We dropped Hatfield at the station for her to pick up her own car and drive home to clean up. The rest of us went to our rooms to shower with the industrial-strength cleaner that Edward and I had both started carrying in our go bags. It smelled like bad fake orange, but it was better than smelling like corpses. It was weird that zombies didn’t smell as bad as plain dead people, but they almost never did. Metaphysics was weird that way.
Edward went to his room across the hall from Nicky and me. Lisandro had a room farther down the hall. The guards on hall duty informed me that Nathaniel was asleep in the room. I asked, ‘And Micah?’ but was told no, just Nathaniel. I had a moment to wonder how Micah and his family were doing and why Nathaniel wasn’t plastered to his side, but then I wasn’t plastered to Micah’s side either and I was his ‘fiancée.’ I opened the door with his key card and tried to be as quiet as possible. The room was dark, the blackout curtains pulled except for that rim of sunlight. If they hadn’t told me Nathaniel was in the bed, at first glance it would have looked like just a pile of covers. When he slept alone he cuddled down like he was making a nest. It was always impressive how invisible he could be in a bed by himself.
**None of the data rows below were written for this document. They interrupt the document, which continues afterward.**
lemma compact_fip:
  assumes cl: "\<forall>K\<in>KK. bclosed K"
    and fi: "\<And>F. finite F \<Longrightarrow> F \<subseteq> KK \<Longrightarrow> \<exists>p\<in>betaG. \<forall>K\<in>F. p \<in> K"
  shows "\<exists>p\<in>betaG. \<forall>K\<in>KK. p \<in> K"
proof -
  define H where "H = {A. \<exists>K\<in>KK. \<forall>p\<in>K. A \<in> p}"
  have "fip H"
    unfolding fip_def
  proof (intro allI impI)
    fix F assume F: "finite F" "F \<subseteq> H"
    then have "\<forall>A\<in>F. \<exists>K. K \<in> KK \<and> (\<forall>p\<in>K. A \<in> p)"
      unfolding H_def by blast
    then obtain f where f: "\<forall>A\<in>F. f A \<in> KK \<and> (\<forall>p\<in>f A. A \<in> p)"
      by (rule bchoice[THEN exE])
    have "finite (f ` F)" "f ` F \<subseteq> KK"
      using F f by auto
    then obtain p where p: "p \<in> betaG" "\<forall>K\<in>f ` F. p \<in> K"
      using fi[OF \<open>finite (f ` F)\<close> \<open>f ` F \<subseteq> KK\<close>] by blast
    have "F \<subseteq> p"
      using p f by blast
    then have "\<Inter>F \<in> p"
      using uf_finite_Inter[of p F] p F by (simp add: betaG_def)
    then show "\<Inter>F \<noteq> {}"
      using uf_empty[of p] p by (auto simp: betaG_def)
  qed
  then obtain u where u: "ultrafilter u" "H \<subseteq> u"
    using ultrafilter_exists by blast
  have "u \<in> K" if "K \<in> KK" for K
  proof (rule bclosed_memberI)
    show "bclosed K"
      using cl that by blast
    fix A assume "\<forall>s\<in>K. A \<in> s"
    then show "A \<in> u"
      using that u(2) unfolding H_def by blast
  qed (rule u(1))
  then show ?thesis
    using u(1) betaG_iff by blast
qed
lemma compact_chain:
  assumes ne: "C \<noteq> {}" and cl: "\<And>K. K \<in> C \<Longrightarrow> bclosed K \<and> K \<noteq> {}"
    and ch: "subset.chain UNIV C"
  shows "\<Inter>C \<noteq> {}"
proof -
  have "\<exists>p\<in>betaG. \<forall>K\<in>C. p \<in> K"
  proof (rule compact_fip)
    show "\<forall>K\<in>C. bclosed K"
      using cl by blast
    fix F assume F: "finite F" "F \<subseteq> C"
    show "\<exists>p\<in>betaG. \<forall>K\<in>F. p \<in> K"
    proof (cases "F = {}")
      case True
      obtain K p where "K \<in> C" "p \<in> K"
        using ne cl by blast
      then show ?thesis
        using True cl bclosed_subset by blast
    next
      case False
      have "subset.chain UNIV F"
        using ch F unfolding subset_chain_def by blast
      then have "\<Inter>F \<in> F"
        using Inter_in_chain[OF F(1) False] by blast
      then obtain p where "p \<in> \<Inter>F"
        using cl F by blast
      moreover have "p \<in> betaG"
        using calculation \<open>\<Inter>F \<in> F\<close> F cl bclosed_subset by blast
      ultimately show ?thesis
        by blast
    qed
  qed
  then show ?thesis
    by blast
qed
Nicky and I threaded our way through all the coffins and past the bed. I might have kissed him if I hadn’t smelled like rotting corpse. I did not want the smell on the sheets. Nathaniel was a heavy sleeper, but to sleep through both the noise and the smell meant he was exhausted. I tried to remember if he and Micah had slept at all in the last twenty-four hours and couldn’t remember, which probably meant, no.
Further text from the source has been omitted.